Oh, same disclaimer about this being the unedited version. Ignore the mistakes/typos. I've already fixed them. Here ya go!

CHAPTER 4

The first hybrid Brighid saw was doing something totally unexpected. He was laughing. The Huntress heard him before she saw him. His laughter rolled up the trail to meet them, punctuated by mock growls and youthful snarls.
“They like Fand,” Cuchulainn muttered in explanation.
The warrior and Huntress finally stepped onto level ground and walked around a rough outcropping of rock to see a winged man sprawled on his back in the middle of the trial.
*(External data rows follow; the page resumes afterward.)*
lemma homeomorphic_map_graft_ray:
  "homeomorphic_map (top_of_set bin_bdry) (top_of_set (grafted_bdry N)) (graft_ray N)"
  unfolding homeomorphic_map_maps homeomorphic_maps_def
proof (intro exI conjI)
  show "continuous_map (top_of_set bin_bdry) (top_of_set (grafted_bdry N)) (graft_ray N)"
    unfolding continuous_map_in_subtopology continuous_map_iff_continuous
    using continuous_on_graft_ray graft_ray_in_grafted_bdry by (simp add: image_subset_iff_funcset)
  show "continuous_map (top_of_set (grafted_bdry N)) (top_of_set bin_bdry) (ungraft_ray N)"
    unfolding continuous_map_in_subtopology continuous_map_iff_continuous
    using continuous_on_ungraft_ray ungraft_ray_in_bin_bdry by (simp add: image_subset_iff_funcset)
qed (simp_all add: graft_ray_ungraft_ray ungraft_ray_graft_ray)

lemma graft_ray_prefix: "map (graft_ray N x) [0..<Suc i] = graft N (map x [0..<N + i])"
proof -
  have "binary_value N (\<lambda>j. map x [0..<N + i] ! j) = binary_value N x"
    by (intro binary_value_cong) simp
  moreover have "map (\<lambda>j. graft_ray N x (Suc j)) [0..<i] = drop N (map x [0..<N + i])"
    by (intro nth_equalityI) (simp_all add: graft_ray_def)
  ultimately show ?thesis
    by (simp add: graft_def graft_ray_def map_upt_Suc del: upt_Suc)
qed

lemma graft_ray_induced_bdry:
  assumes morphism: "bin_tree_morphism g" and "x \<in> bin_bdry"
  shows "graft_ray N (induced_bdry g x) = induced_bdry (grafted_lift N g) (graft_ray N x)"
proof
  fix i
  have "graft_ray N (induced_bdry g x) i = graft N (g (map x [0..<N + i])) ! i"
    using nth_map_upt[of i "Suc i" 0 "graft_ray N (induced_bdry g x)"]
    by (simp add: graft_ray_prefix bin_tree_morphism_prefix[OF morphism assms(2)] del: upt_Suc)
  also have "\<dots> = grafted_lift N g (graft N (map x [0..<N + i])) ! i"
    using ungraft_graft[OF bin_bdry_prefix[OF assms(2)]] by (simp add: grafted_lift_def graft_not_Nil)
  also have "\<dots> = induced_bdry (grafted_lift N g) (graft_ray N x) i"
    by (simp add: induced_bdry_def graft_ray_prefix del: upt_Suc)
  finally show "graft_ray N (induced_bdry g x) i = induced_bdry (grafted_lift N g) (graft_ray N x) i" .
qed

theorem lemma2p5:
  fixes N :: nat and g :: "nat list \<Rightarrow> nat list"
  assumes "N \<ge> 1" and "tree_aut bin_tree g"
  shows "\<exists>gh. tree_aut (grafted_tree N) gh \<and>
           (\<exists>h. homeomorphic_map (top_of_set bin_bdry) (top_of_set (grafted_bdry N)) h \<and>
                (\<forall>x\<in>bin_bdry. h (induced_bdry g x) = induced_bdry gh (h x)))"
proof (intro exI conjI)
  show "tree_aut (grafted_tree N) (grafted_lift N g)"
    using assms(2) by (rule tree_aut_grafted_lift)
  show "homeomorphic_map (top_of_set bin_bdry) (top_of_set (grafted_bdry N)) (graft_ray N)"
    by (rule homeomorphic_map_graft_ray)
  show "\<forall>x\<in>bin_bdry. graft_ray N (induced_bdry g x) = induced_bdry (grafted_lift N g) (graft_ray N x)"
    using graft_ray_induced_bdry[OF tree_aut_bin_tree_morphism[OF assms(2)]] by blast
qed

end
Tongue lolling and mouth open as if she were smiling, the young wolf cub’s paws were planted squarely on his chest.
“Fand rolled me Cuchulainn. She’s growing so fast that in no time she’ll be a proper wolf,” he said, chuckling and scratching the cub’s scruff. When he glanced up at Cu and saw the centaur by his side, his eyes rounded in shock.
“Fand, here!” Cuchulainn ordered. This time the wolf chose to obey, hopping off the hybrid’s chest and loping back to her master.
The winged man stood quickly, brushing dirt and snow from his tunic, all the while keeping his large eyes fixed on Brighid.
“Gareth, this is–”
Before he could finish the introduction, Gareth’s excited voice cut him off.
“The Huntress Brighid!” He gushed. “It is, isn’t it?”
“Yes, Gareth. This is MacCallan’s Huntress, Brighid Dhianna.”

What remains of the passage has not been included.